On Sunday, Mill Road Capital Management LLC lowered its offer for Skullcandy to $6.25 per share. That still represented a 2.5 percent, or 15 cents per share, premium to the purchase price stipulated in Skullcandy’s previously announced definitive merger agreement with Incipio LLC. Mill Road had offered $6.50 a share August 13, but rescinded that offer within 24 hours after disclosing it had not been approved by potential lenders.

In submitting its lower bid Sunday, Mill Road “indicated to Skullcandy” that it was not prepared to execute the proposed merger agreement should Skullcandy’s board of directors accept it, according to a statement issued by Skullcandy. Furthermore, Mill Road told Skullcandy it was unwilling to pay the $6.6 million termination fee that would become payable to Incipio if Skullcandy were to terminate their merger agreement.

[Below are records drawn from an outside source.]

(* Suppose $\{X_i:i\in\mathcal I_n\}$ satisfies Assumption 2, $H$ is a degenerate symmetric kernel, and $\delta>0$. Let $J\ge1$ and $\mathbf i=(i_1,k_1,\dots,i_J,k_J)\in\mathcal I_n^{2J}$ with $i_j\ne k_j$ for each $j$. If $\mathbf i$ has an $m$-free index, then $$\Big|E\Big[\prod_{j=1}^JH_{i_jk_j}\Big]\Big|\le 2\,\mathbf H_{J+\delta}^J\,\beta(1,2J-1,m)^{\frac{\delta}{J+\delta}}.$$
   Context: $\mathcal I_n$ is a finite index set with metric $\mathbf d$; $\{X_i\}$ are random vectors in $\mathbb R^d$. $\beta(\mathcal F_1,\mathcal F_2)=\sup\frac12\sum_i\sum_j|P(A_i\cap B_j)-P(A_i)P(B_j)|$ over finite partitions $\{A_i\}\subset\mathcal F_1,\{B_j\}\subset\mathcal F_2$. Assumption 2: for all $n_1,n_2\in\mathbb N\cup\{\infty\}$, $m>0$, $\sup\beta(\sigma(X_i:i\in\mathcal I_1),\sigma(X_i:i\in\mathcal I_2))\le\beta(n_1,n_2,m)$, sup over $\mathcal I_1,\mathcal I_2\subset\mathcal I_n$ with $|\mathcal I_1|\le n_1,|\mathcal I_2|\le n_2$, $\mathbf d(\mathcal I_1,\mathcal I_2)=\min_{i\in\mathcal I_1,j\in\mathcal I_2}\mathbf d(i,j)\ge m$. Degenerate: $EH(X_k,x)=0$ for all $k$ and $x$. $H_{ij}=H(X_i,X_j)$; for $i\ne j$, $\tilde X_j$ has the law of $X_j$ and is independent of $X_i$, $H_{i\tilde j}=H(X_i,\tilde X_j)$; $\mathbf H_p=\sup_{i\ne j}\max\{\|H_{ij}\|_p,\|H_{i\tilde j}\|_p\}$. An entry $i_k$ of $\mathbf i=(i_1,\dots,i_q)$ is $m$-free if $\mathbf d(i_k,i_l)>m$ for every other entry $i_l$, $l\ne k$. *)

theory Defs
  imports "HOL-Probability.Probability"
begin

definition is_fin_partition :: "'w set \<Rightarrow> 'w set set \<Rightarrow> 'w set set \<Rightarrow> bool" where
  "is_fin_partition \<Omega> F P \<longleftrightarrow> finite P \<and> P \<subseteq> F \<and> disjoint P \<and> \<Union>P = \<Omega>"

definition beta_coef :: "'w measure \<Rightarrow> 'w set set \<Rightarrow> 'w set set \<Rightarrow> real" where
  "beta_coef M F1 F2 =
     (SUP AB \<in> {(A, B). is_fin_partition (space M) F1 A \<and> is_fin_partition (space M) F2 B}.
        (1/2) * (\<Sum>a\<in>fst AB. \<Sum>b\<in>snd AB.
                   \<bar>measure M (a \<inter> b) - measure M a * measure M b\<bar>))"

definition gen_sigma :: "'w measure \<Rightarrow> ('i \<Rightarrow> 'w \<Rightarrow> 'b::topological_space) \<Rightarrow> 'i set \<Rightarrow> 'w set set" where
  "gen_sigma M X I = sigma_sets (space M) (\<Union>i\<in>I. {X i -` A \<inter> space M | A. A \<in> sets borel})"

definition Lp_norm :: "'a measure \<Rightarrow> ('a \<Rightarrow> real) \<Rightarrow> real \<Rightarrow> real" where
  "Lp_norm N f p = (\<integral>x. \<bar>f x\<bar> powr p \<partial>N) powr (1 / p)"

text \<open>H_p = sup over i ~= j of max(||H(X_i,X_j)||_p, ||H(X_i, X~_j)||_p), where X~_j is an
  independent copy of X_j, i.e. (X_i, X~_j) has law P_{X_i} x P_{X_j}.\<close>
definition Hbound :: "'w measure \<Rightarrow> ('i \<Rightarrow> 'w \<Rightarrow> 'b::topological_space) \<Rightarrow> ('b \<Rightarrow> 'b \<Rightarrow> real)
                       \<Rightarrow> 'i set \<Rightarrow> real \<Rightarrow> real" where
  "Hbound M X H I p =
     (SUP ij \<in> {(i, j). i \<in> I \<and> j \<in> I \<and> i \<noteq> j}.
        max (Lp_norm M (\<lambda>\<omega>. H (X (fst ij) \<omega>) (X (snd ij) \<omega>)) p)
            (Lp_norm (distr M borel (X (fst ij)) \<Otimes>\<^sub>M distr M borel (X (snd ij)))
                     (\<lambda>xy. H (fst xy) (snd xy)) p))"

end

theory Submission
  imports Defs
begin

Based on these caveats, a “Strategic Transactions Committee” of Skullcandy’s board of directors determined that Mill Road’s latest proposal was unlikely to lead to a “superior proposal” as defined in its merger agreement with Incipio.

As a result, Skullcandy said it is obligated by its agreement with Incipio to cease negotiations and discussions with Mill Road and continue to recommend its stockholders tender their shares pursuant to the transaction with Incipio.

Skullcandy, which is based in San Francisco, traces its origins back to providing earbuds and other personal audio accessories to action sports enthusiasts. It also owns the Astro Gaming brand.